Cross-reference: see Privacy Policy, §1 Definitions, for terms used in both documents.

§2 Cookies and similar technologies we use

§2.1 Mini-site cookies (bguru.app) — at MVP

At MVP, bGuru's mini-site uses only strictly necessary cookies. No analytics cookies. No advertising cookies. No fingerprinting.

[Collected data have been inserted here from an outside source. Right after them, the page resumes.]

section \<open>The letters of the cyclic BWT of M_k\<close>

lemma rotate_orbit_word:
  assumes "(f ^^ n) x = x"
  shows "rotate s (map (\<lambda>t. h ((f ^^ t) x)) [0..<n]) = map (\<lambda>t. h ((f ^^ (s + t)) x)) [0..<n]"
proof (rule nth_equalityI)
  fix j assume "j < length (rotate s (map (\<lambda>t. h ((f ^^ t) x)) [0..<n]))"
  then have "j < n" by simp
  then show "rotate s (map (\<lambda>t. h ((f ^^ t) x)) [0..<n]) ! j =
      map (\<lambda>t. h ((f ^^ (s + t)) x)) [0..<n] ! j"
    by (simp add: nth_rotate funpow_mod_eq[OF assms])
qed simp

lemma ex_rotate_rev_eq_rev_rotate:
  assumes "xs \<noteq> []" shows "\<exists>i<length xs. rotate i (rev xs) = rev (rotate s xs)"
proof -
  let ?n = "length xs"
  define i where "i = (?n - s mod ?n) mod ?n"
  have "(?n - i mod ?n) mod ?n = s mod ?n"
    using assms by (cases "s mod ?n = 0") (simp_all add: i_def)
  then have "rotate i (rev xs) = rev (rotate s xs)"
    by (metis rotate_rev rotate_conv_mod)
  moreover have "i < ?n" using assms by (simp add: i_def)
  ultimately show ?thesis by blast
qed

(* The letter cyclically preceding an occurrence of v in M_word is the complement of the letter
   of dB_word following the window rev (map Not v), i.e. of the feedback bit of F' there. *)
definition bwt_letter :: "nat \<Rightarrow> bool list \<Rightarrow> bool" where
  "bwt_letter k v = (\<not> last (lfsr_F' k (rev (map Not v))))"

definition last_two_agree :: "bool list \<Rightarrow> bool" where
  "last_two_agree v \<longleftrightarrow> (last v \<longleftrightarrow> last (butlast v))"

lemma last_two_agree_snoc2 [simp]: "last_two_agree (xs @ [a, b]) \<longleftrightarrow> (b \<longleftrightarrow> a)"
  by (simp add: last_two_agree_def butlast_append)

lemma last_two_agree_Cons: "2 \<le> length v \<Longrightarrow> last_two_agree (b # v) = last_two_agree v"
  by (cases v rule: rev_cases) (auto simp: last_two_agree_def butlast_append)

lemma map_last_two_agree_bool_words:
  "map last_two_agree (bool_words (Suc (Suc k))) = concat (replicate (2 ^ k) [True, False, False, True])"
proof (induction k)
  case 0
  then show ?case by (simp add: last_two_agree_def)
next
  case (Suc k)
  have "map last_two_agree (bool_words (Suc (Suc (Suc k))))
      = map last_two_agree (bool_words (Suc (Suc k))) @ map last_two_agree (bool_words (Suc (Suc k)))"
    by (simp add: comp_def last_two_agree_Cons set_bool_words cong: map_cong)
  then show ?case by (simp del: bool_words.simps add: Suc.IH mult_2 replicate_add)
qed

lemma Cons_concat_replicate_snoc:
  "x # concat (replicate n (xs @ [x])) = concat (replicate n (x # xs)) @ [x]"
  by (induction n) auto

context primitive_trinomial_lfsr
begin

lemma M_word_windows:
  assumes x0: "length x0 = k" and v: "length v = k"
  shows "\<exists>i<2 ^ k. take k (rotate i (M_word k x0)) = v \<and>
      last (rotate i (M_word k x0)) = bwt_letter k v"
proof -
  define c where "c t = hd ((F' ^^ t) x0)" for t
  define y where "y = rev (map Not v)"
  have "length y = k" using v by (simp add: y_def)
  then obtain m where "m < 2 ^ k" and m: "(F' ^^ m) x0 = y" using F'_funpow_surj[OF x0] by blast
  have period: "c (t + 2 ^ k) = c t" for t
    by (simp add: c_def funpow_add F'_funpow_period[OF x0])
  have "dB_word k x0 \<noteq> []" by (simp add: dB_word_def)
  then obtain i where "i < 2 ^ k"
    and i: "rotate i (rev (dB_word k x0)) = rev (rotate (m + k) (dB_word k x0))"
    using ex_rotate_rev_eq_rev_rotate[of "dB_word k x0" "m + k"] by (auto simp: dB_word_def)
  have "rotate (m + k) (dB_word k x0) = map (\<lambda>t. c (m + k + t)) [0..<2 ^ k]"
    unfolding dB_word_def c_def by (rule rotate_orbit_word[OF F'_funpow_period[OF x0]])
  then have rot: "rotate i (M_word k x0) = map Not (rev (map (\<lambda>t. c (m + k + t)) [0..<2 ^ k]))"
    using i by (simp add: M_word_def rotate_map)
  then have rot_nth: "rotate i (M_word k x0) ! j = (\<not> c (m + k + (2 ^ k - 1 - j)))" if "j < 2 ^ k" for j
    using that by (simp add: rev_nth)
  have "take k (rotate i (M_word k x0)) = v"
  proof (rule nth_equalityI)
    fix j assume "j < length (take k (rotate i (M_word k x0)))"
    then have "j < k" by (simp add: rot)
    moreover have "k < 2 ^ k" by (rule less_exp)
    ultimately have j: "j < k" "j < 2 ^ k" by linarith+
    have "c (m + k + (2 ^ k - 1 - j)) = c (m + (k - 1 - j))"
      using period[of "m + (k - 1 - j)"] j by (simp add: algebra_simps)
    also have "\<dots> = y ! (k - 1 - j)"
      unfolding c_def using F'.nth_funpow[OF x0, of "k - 1 - j" m] m j by simp
    also have "\<dots> = (\<not> v ! j)" using v j by (simp add: y_def rev_nth)
    finally show "take k (rotate i (M_word k x0)) ! j = v ! j" using j rot_nth by simp
  qed (use v four_le_two_pow rot in simp)
  moreover have "last (rotate i (M_word k x0)) = (\<not> c (m + k))"
    using rot_nth[of "2 ^ k - 1"] by (simp add: rot last_conv_nth)
  moreover have "c (m + k) = last (F' y)"
    using F'.hd_funpow_add[OF x0, of m] m by (simp add: c_def)
  ultimately show ?thesis using \<open>i < 2 ^ k\<close> by (auto simp: bwt_letter_def y_def)
qed
lemma norm_damped_fourier_psi_le:
  assumes e: "e > 0" and w: "1/2 \<le> \<bar>w\<bar>"
  shows "norm (damped_fourier e psi w) \<le> gaussian_hat e (\<bar>w\<bar> - 1/2)"
proof -
  have "(\<lambda>N. damped_fourier e (psi_trunc N) w) \<longlonglongrightarrow> damped_fourier e psi w"
    unfolding damped_fourier_def
  proof (rule integral_dominated_convergence[where w="\<lambda>x. exp (- e * x^2)"])
    show "(\<lambda>x. (psi_trunc N x * exp (- e * x^2)) *\<^sub>R iexp (w * x)) \<in> borel_measurable lborel" for N
      unfolding psi_trunc_def by measurable
    show "AE x in lborel. (\<lambda>N. (psi_trunc N x * exp (- e * x^2)) *\<^sub>R iexp (w * x))
        \<longlonglongrightarrow> (psi x * exp (- e * x^2)) *\<^sub>R iexp (w * x)"
      by (intro AE_I2 tendsto_intros psi_trunc_tendsto)
    show "AE x in lborel. norm ((psi_trunc N x * exp (- e * x^2)) *\<^sub>R iexp (w * x)) \<le> exp (- e * x^2)" for N
      using psi_trunc_nonneg psi_trunc_le_1
      by (intro AE_I2) (simp add: norm_exp_i_times abs_mult mult_left_le_one_le)
  qed (use integrable_exp_neg_square[OF e] in auto)
  moreover have "norm (damped_fourier e (psi_trunc N) w) \<le> gaussian_hat e (\<bar>w\<bar> - 1/2)" for N
  proof -
    let ?I = "({..<N}\<times>{..<N})\<times>{..<2::nat}"
    have "norm (damped_fourier e (psi_trunc N) w) \<le> gaussian_hat e (\<bar>w\<bar> - (\<Sum>k\<in>?I. \<bar>freq (fst k)\<bar>))"
      unfolding psi_trunc_eq_cos_prod[abs_def] using sum_freq_le[of N] w
      by (intro norm_damped_fourier_cos_prod_le[OF e]) auto
    also have "\<dots> \<le> gaussian_hat e (\<bar>w\<bar> - 1/2)"
      using sum_freq_le[of N] w by (intro gaussian_hat_antimono[OF e]) auto
    finally show ?thesis .
  qed
  ultimately show ?thesis
    by (intro LIMSEQ_le_const2[OF tendsto_norm]) auto
qed

lemma fourier_psi_eq_0:
  assumes w: "1/2 < \<bar>w\<bar>"
  shows "(CLINT x|lborel. psi x *\<^sub>R iexp (w * x)) = 0"
proof -
  let ?e = "\<lambda>m. 1 / real (Suc m)"
  have "(\<lambda>m. damped_fourier (?e m) psi w) \<longlonglongrightarrow> (CLINT x|lborel. psi x *\<^sub>R iexp (w * x))"
    unfolding damped_fourier_def
  proof (rule integral_dominated_convergence[where w=psi])
    show "AE x in lborel. (\<lambda>m. (psi x * exp (- ?e m * x^2)) *\<^sub>R iexp (w * x)) \<longlonglongrightarrow> psi x *\<^sub>R iexp (w * x)"
    proof (rule AE_I2)
      fix x
      have "(\<lambda>m. (psi x * exp (- ?e m * x^2)) *\<^sub>R iexp (w * x)) \<longlonglongrightarrow> (psi x * exp (- 0 * x^2)) *\<^sub>R iexp (w * x)"
        using LIMSEQ_inverse_real_of_nat by (intro tendsto_intros) (simp add: inverse_eq_divide)
      then show "(\<lambda>m. (psi x * exp (- ?e m * x^2)) *\<^sub>R iexp (w * x)) \<longlonglongrightarrow> psi x *\<^sub>R iexp (w * x)"
        by simp
    qed
    show "AE x in lborel. norm ((psi x * exp (- ?e m * x^2)) *\<^sub>R iexp (w * x)) \<le> psi x" for m
      using psi_nonneg by (intro AE_I2) (simp add: norm_exp_i_times abs_mult mult_left_le)
  qed (simp_all add: integrable_psi)
  moreover have "\<forall>\<^sub>F m in sequentially. norm (damped_fourier (?e m) psi w) \<le> gaussian_hat (?e m) (\<bar>w\<bar> - 1/2)"
    using w by (intro always_eventually allI norm_damped_fourier_psi_le) auto
  ultimately have "norm (CLINT x|lborel. psi x *\<^sub>R iexp (w * x)) \<le> 0"
    using w by (intro tendsto_le[OF _ gaussian_hat_tendsto_0 tendsto_norm]) auto
  then show ?thesis by simp
qed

Cookie / identifier Set by Purpose Retention Consent required?
__cf_bm, cf_clearance Cloudflare (CDN + bot-detection) Distinguish human visitors from automated bots; required for DDoS protection and basic availability Session / up to 30 min / up to 24 hours No — strictly necessary; PECR reg. 6(4) + ePrivacy Art. 5(3) exemptions apply
Session JWT (sb-* if served via cookie) bGuru (first-party) Maintains your login state Session; cleared on sign-out No — strictly necessary
CMP consent-state cookie bGuru / UMP Records your cookie choices so the banner is not re-shown on every page load 12 months No — strictly necessary (per EDPB Guidelines 05/2020 §93; ICO 2024 cookie guidance)
CSRF token bGuru (first-party) Prevents cross-site request forgery Session No — strictly necessary
Language preference (if implemented) bGuru (first-party) Stores your preferred display language 12 months Yes — functional (opt-in required)
Analytics / performance NONE at MVP bGuru does not use Google Analytics, Plausible, Matomo, or any analytics SDK
Advertising / targeting NONE at MVP bGuru does not use any ad-network or retargeting cookie

Why the consent-state cookie is strictly necessary. Without it, you would be asked for cookie preferences on every page load — recording your choice is an integral part of giving effect to that choice. The EDPB Guidelines 05/2020 on consent §93 and the ICO's 2023 cookie report both confirm this analysis.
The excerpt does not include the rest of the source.